On the same night, Reidenouer took heated issue with a recommendation by McGinnis for Council approval of an application for federal funds under the so-called COPS (community policing) program to hire and train two new city police officers.

Reidenouer said that the lame duck Council should defer any police department hirings to the new Council because the newcomers want to consider possible departmental reorganization instead of spending more money to hire new officers.

Council President Cudzilo accused Reidenouer and the Republicans of wanting to "play politics" with the police appointments.

As of last week, there had been no call for the current Civil Service eligibility list for police officer, a prerequisite to interviewing for any new positions, City Clerk John W. Wylucki said.

Earlier, Reidenouer, Kiedrowski and Barberio all said they favor the idea of a city golf driving range to augment the profit-making municipal Deerwood Golf Course, but are leery of a complex property tax and lease swap between the North Tonawanda Board of Education and the city to achieve it.

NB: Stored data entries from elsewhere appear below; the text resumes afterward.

(* For every positive integer $k$: (i) $\mathrm{Cl}_k(\pi/3)$ lies in the $\mathbb{Q}$-linear span of $S^{o}_{k,1}$; (ii) $\mathrm{Gl}_k(\pi/3)$ lies in the $\mathbb{Q}$-linear span of $S^{e}_{k,1}$ (which equals $S^e_{k,0}=\{\pi^k\}$).
   Context: $\mathrm{Li}_k(z)=\sum_{m\ge1}z^m/m^k$ (for $k=1$, $\mathrm{Li}_1(z)=-\log(1-z)$). $\mathrm{Cl}_k(\sigma)=\mathrm{Im}\,\mathrm{Li}_k(e^{i\sigma})$ if $k$ is even and $\mathrm{Re}\,\mathrm{Li}_k(e^{i\sigma})$ if $k$ is odd; $\mathrm{Gl}_k(\sigma)=\mathrm{Re}\,\mathrm{Li}_k(e^{i\sigma})$ if $k$ even and $\mathrm{Im}\,\mathrm{Li}_k(e^{i\sigma})$ if $k$ odd. $A(\theta)=\log|2\sin(\theta/2)|$; for $k_u\ge2$, $\mathrm{SLs}(k_1,\dots,k_n)=\int_0^{\pi/3}\int_0^{\theta_n}\cdots\int_0^{\theta_2}\prod_{u=1}^n(\theta_u-\pi/3)^{k_u-2}A(\theta_u)\,d\theta_1\cdots d\theta_n$, $\mathrm{SLs}(\emptyset)=1$. For $k,d\ge0$: $S^o_{k,d}=\{\pi^m\mathrm{SLs}(k_1,\dots,k_n): m+k_1+\dots+k_n=k,\ 0\le n\le d,\ n\text{ odd},\ m\ge0,\ k_i\ge2\}$ and $S^e_{k,d}$ is defined the same way with $n$ even. *)

theory Defs
  imports "HOL-Analysis.Analysis"
begin

definition polylog :: "nat \<Rightarrow> complex \<Rightarrow> complex" where
  "polylog k z = (if k = 1 then - Ln (1 - z)
                  else (\<Sum>m. z ^ (Suc m) / (of_nat (Suc m)) ^ k))"

definition Cl :: "nat \<Rightarrow> real \<Rightarrow> real" where
  "Cl k \<sigma> = (if even k then Im (polylog k (cis \<sigma>)) else Re (polylog k (cis \<sigma>)))"

definition Gl :: "nat \<Rightarrow> real \<Rightarrow> real" where
  "Gl k \<sigma> = (if even k then Re (polylog k (cis \<sigma>)) else Im (polylog k (cis \<sigma>)))"

definition A_fun :: "real \<Rightarrow> real" where
  "A_fun \<theta> = ln \<bar>2 * sin (\<theta> / 2)\<bar>"

text \<open>Iterated integral helper: the list is given outermost-first, i.e.
  SLs_aux [k_n, ..., k_1] t =
  int_0^t g_{k_n}(th_n) int_0^{th_n} ... int_0^{th_2} g_{k_1}(th_1) dth_1 ... dth_n,
  with g_k(th) = (th - pi/3)^(k-2) A(th).\<close>
fun SLs_aux :: "nat list \<Rightarrow> real \<Rightarrow> real" where
  "SLs_aux [] t = 1"
| "SLs_aux (k # ks) t =
     integral {0..t} (\<lambda>\<theta>. (\<theta> - pi/3) ^ (k - 2) * A_fun \<theta> * SLs_aux ks \<theta>)"

definition SLs :: "nat list \<Rightarrow> real" where
  "SLs ks = SLs_aux (rev ks) (pi / 3)"

definition S_odd :: "nat \<Rightarrow> nat \<Rightarrow> real set" where
  "S_odd k d = {pi ^ m * SLs ks | m ks. m + sum_list ks = k \<and> length ks \<le> d
                  \<and> odd (length ks) \<and> (\<forall>i\<in>set ks. 2 \<le> i)}"

definition S_even :: "nat \<Rightarrow> nat \<Rightarrow> real set" where
  "S_even k d = {pi ^ m * SLs ks | m ks. m + sum_list ks = k \<and> length ks \<le> d
                  \<and> even (length ks) \<and> (\<forall>i\<in>set ks. 2 \<le> i)}"

definition in_rat_span :: "real \<Rightarrow> real set \<Rightarrow> bool" where
  "in_rat_span x S \<longleftrightarrow> (\<exists>F c. finite F \<and> F \<subseteq> S \<and> x = (\<Sum>s\<in>F. of_rat (c s) * s))"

The deal involves an exchange of back-taxes due on property acquired by the school district for a possible 20-year lease on a vacant 19-acre site on Walck Road, owned by the school district.

The current Council approved the swap by a 4-1 vote, with Wudyka opposed.

McGinnis, agreeing with Wudyka, said the proposed agreement left too many "loose ends" and was bad for the city, and vetoed the Council action. An attempt to override the veto failed.

The touchy issue of a bid by city department heads to unionize, apparently will be left to the new Council without any attempt by the current Council to resolve it.

Meanwhile, mayor-elect Dawson raised the issue of possible overpayment to Niagara County of the county share of property taxes on parcels of city-owned property acquired in past tax foreclosure proceedings.

Dawson claims that the properties were county-tax exempt.

Dawson, who as mayor is not a member of the Common Council, said he wants to work with the Council to reduce city taxes. Included, he said should be a review of how Niagara County allocates money to the city and for what purposes.

Dawson also said he will appoint a city commission on charter revision when he assumes office.